> [EXERCISE REQUIREMENTS] Could you say how many lines in the entries contain the string "longrightarrow"? Give only that number.

> [DATA LISTING]
____
(* Consider a CRN having at least one conservation law with all entries strictly positive, and let $\{\mathbf x_i\}$ denote its conservation laws. Let $A=(\mathcal S_A,\mathcal R_A)$ be a MAS with core set $A_C$ such that $|\mathcal S_A|=|A_C|+1$, and let $T$ be its FWMC partition. Then the species-productive cone of $A$ equals its partition-productive cone: $\mathcal P(A)=\mathcal Q(T)$.
   Context: A chemical reaction network (CRN) consists of a finite species set $\mathcal S$ and a finite set $\mathcal R$ of reactions; each reaction $r$ is written $r^-\to r^+$ with input complex $r^-\in\mathbb Z_{\ge0}^{\mathcal S}$ and output complex $r^+\in\mathbb Z_{\ge0}^{\mathcal S}$. The input and output matrices $\mathbb S^-,\mathbb S^+$ have columns $r^-$, resp. $r^+$; the stoichiometric matrix is $\mathbb S=\mathbb S^+-\mathbb S^-$. A conservation law is a vector $\mathbf x\in\mathbb R^{\mathcal S}$ with $\mathbf x^T\mathbb S=\mathbf0$. $(\mathbb A)_M^N$ denotes the submatrix with rows in $M$ and columns in $N$. $\mathbf v\gg\mathbf 0$ means all entries $>0$; $\mathbf v>\mathbf 0$ means all entries $\ge0$ and $\mathbf v\ne\mathbf 0$. A motif $(\mathcal M,\mathcal R')$ ($\mathcal M\subseteq\mathcal S,\mathcal R'\subseteq\mathcal R$) is exclusively autocatalytic if: (i) some $\mathbf v\gg\mathbf0$ in $\mathbb R^{\mathcal R'}$ has $(\mathbb S)_{\mathcal M}^{\mathcal R'}\mathbf v\gg\mathbf 0$; (ii) every row and (iii) every column of $(\mathbb S^-)_{\mathcal M}^{\mathcal R'}$ is semi-positive. An autocatalytic core is an exclusively autocatalytic motif $(A_C,\mathcal R_A)$ no proper sub-motif ($\mathcal M'\subseteq A_C$, $\mathcal R''\subseteq\mathcal R_A$) of which is exclusively autocatalytic. The minimal autocatalytic subnetwork (MAS) $A=(\mathcal S_A,\mathcal R_A)$ of a core $(A_C,\mathcal R_A)$ has reaction set $\mathcal R_A$ and species set $\mathcal S_A$ consisting of all species occurring in some input or output complex of a reaction in $\mathcal R_A$; each MAS is assumed to have a unique core. Put $\overline{\mathbb S}=(\mathbb S)_{\mathcal S_A}^{\mathcal R_A}$ and $\overline{\mathbb S}_C=(\mathbb S)_{A_C}^{\mathcal R_A}$ (a square invertible matrix). The species-productive cone is $\mathcal P(A)=\{\overline{\mathbb S}\,\overline{\mathbb S}_C^{-1}\mathbf u:\mathbf u\ge\mathbf0\}\subseteq\mathbb R^{\mathcal S_A}$. FWMC partition $T=\{T_F,T_W,T_{M/C},T_C\}$ of $\mathcal S_A$: the food set $T_F$ consists of species whose row in $\overline{\mathbb S}$ has all entries $\le0$; the waste set $T_W$ those whose row has all entries $\ge0$; the member set those whose row has both positive and negative entries; $T_C=A_C$ (contained in the member set); $T_{M/C}$ = member set minus $A_C$. Partition-productive cone: with $e_i$ the standard basis vectors of $\mathbb R^{\mathcal S_A}$, let $\mathcal B_T=\{-e_f:f\in T_F\}\cup\{e_w:w\in T_W\}\cup\{-e_m,e_m:m\in T_{M/C}\}\cup\{e_c:c\in T_C\}$, and $\mathcal Q(T)=\mathrm{cone}(\mathcal B_T)\cap\{\mathbf y\in\mathbb R^{\mathcal S_A}:\ \mathbf x_i|_{\mathcal S_A}\cdot\mathbf y=0\ \text{for all } i\}$, where $\mathbf x_i|_{\mathcal S_A}$ is the restriction of $\mathbf x_i$ to the coordinates in $\mathcal S_A$. *)

theory Defs
  imports Complex_Main
begin

text \<open>A CRN over a finite species type 's and a finite reaction type 'r is given by
  its input matrix Sm and output matrix Sp (entries: stoichiometric coefficients).\<close>

definition stoich :: "('s \<Rightarrow> 'r \<Rightarrow> nat) \<Rightarrow> ('s \<Rightarrow> 'r \<Rightarrow> nat) \<Rightarrow> 's \<Rightarrow> 'r \<Rightarrow> real" where
  "stoich Sm Sp s r = real (Sp s r) - real (Sm s r)"

definition conservation_law ::
  "('s::finite \<Rightarrow> 'r \<Rightarrow> nat) \<Rightarrow> ('s \<Rightarrow> 'r \<Rightarrow> nat) \<Rightarrow> ('s \<Rightarrow> real) \<Rightarrow> bool" where
  "conservation_law Sm Sp x \<longleftrightarrow> (\<forall>r. (\<Sum>s\<in>UNIV. x s * stoich Sm Sp s r) = 0)"

definition excl_autocatalytic ::
  "('s \<Rightarrow> 'r \<Rightarrow> nat) \<Rightarrow> ('s \<Rightarrow> 'r \<Rightarrow> nat) \<Rightarrow> 's set \<Rightarrow> 'r set \<Rightarrow> bool" where
  "excl_autocatalytic Sm Sp M R' \<longleftrightarrow>
     M \<noteq> {} \<and> R' \<noteq> {} \<and>
     (\<exists>v::'r \<Rightarrow> real. (\<forall>r\<in>R'. v r > 0) \<and>
        (\<forall>m\<in>M. (\<Sum>r\<in>R'. stoich Sm Sp m r * v r) > 0)) \<and>
     (\<forall>m\<in>M. \<exists>r\<in>R'. Sm m r > 0) \<and>
     (\<forall>r\<in>R'. \<exists>m\<in>M. Sm m r > 0)"

definition autocatalytic_core ::
  "('s \<Rightarrow> 'r \<Rightarrow> nat) \<Rightarrow> ('s \<Rightarrow> 'r \<Rightarrow> nat) \<Rightarrow> 's set \<Rightarrow> 'r set \<Rightarrow> bool" where
  "autocatalytic_core Sm Sp M R' \<longleftrightarrow>
     excl_autocatalytic Sm Sp M R' \<and>
     (\<forall>M' R''. M' \<subseteq> M \<and> R'' \<subseteq> R' \<and> (M', R'') \<noteq> (M, R') \<longrightarrow>
        \<not> excl_autocatalytic Sm Sp M' R'')"

definition mas_species ::
  "('s \<Rightarrow> 'r \<Rightarrow> nat) \<Rightarrow> ('s \<Rightarrow> 'r \<Rightarrow> nat) \<Rightarrow> 'r set \<Rightarrow> 's set" where
  "mas_species Sm Sp RA = {s. \<exists>r\<in>RA. Sm s r > 0 \<or> Sp s r > 0}"

definition food_set where
  "food_set Sm Sp RA = {s \<in> mas_species Sm Sp RA. \<forall>r\<in>RA. stoich Sm Sp s r \<le> 0}"

definition waste_set where
  "waste_set Sm Sp RA = {s \<in> mas_species Sm Sp RA. \<forall>r\<in>RA. stoich Sm Sp s r \<ge> 0}"

definition member_set where
  "member_set Sm Sp RA = {s \<in> mas_species Sm Sp RA.
      (\<exists>r\<in>RA. stoich Sm Sp s r > 0) \<and> (\<exists>r\<in>RA. stoich Sm Sp s r < 0)}"

text \<open>Vectors in R^{S_A} are represented as functions 's => real vanishing outside S_A.\<close>
definition unit_vec :: "'s \<Rightarrow> 's \<Rightarrow> real" where
  "unit_vec i = (\<lambda>s. if s = i then 1 else 0)"

definition cone_gen :: "('s \<Rightarrow> real) set \<Rightarrow> ('s \<Rightarrow> real) set" where
  "cone_gen B = {y. \<exists>c. (\<forall>b\<in>B. c b \<ge> 0) \<and> y = (\<lambda>s. \<Sum>b\<in>B. c b * b s)}"

definition partition_basis ::
  "('s \<Rightarrow> 'r \<Rightarrow> nat) \<Rightarrow> ('s \<Rightarrow> 'r \<Rightarrow> nat) \<Rightarrow> 's set \<Rightarrow> 'r set \<Rightarrow> ('s \<Rightarrow> real) set" where
  "partition_basis Sm Sp AC RA =
     {- unit_vec f | f. f \<in> food_set Sm Sp RA} \<union>
     {unit_vec w | w. w \<in> waste_set Sm Sp RA} \<union>
     {- unit_vec m | m. m \<in> member_set Sm Sp RA - AC} \<union>
     {unit_vec m | m. m \<in> member_set Sm Sp RA - AC} \<union>
     {unit_vec c | c. c \<in> AC}"

definition partition_productive_cone ::
  "('s::finite \<Rightarrow> 'r \<Rightarrow> nat) \<Rightarrow> ('s \<Rightarrow> 'r \<Rightarrow> nat) \<Rightarrow> 's set \<Rightarrow> 'r set \<Rightarrow> ('s \<Rightarrow> real) set" where
  "partition_productive_cone Sm Sp AC RA =
     cone_gen (partition_basis Sm Sp AC RA) \<inter>
     {y. \<forall>x. conservation_law Sm Sp x \<longrightarrow>
            (\<Sum>s\<in>mas_species Sm Sp RA. x s * y s) = 0}"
____
> [ANSWER SPACE] 2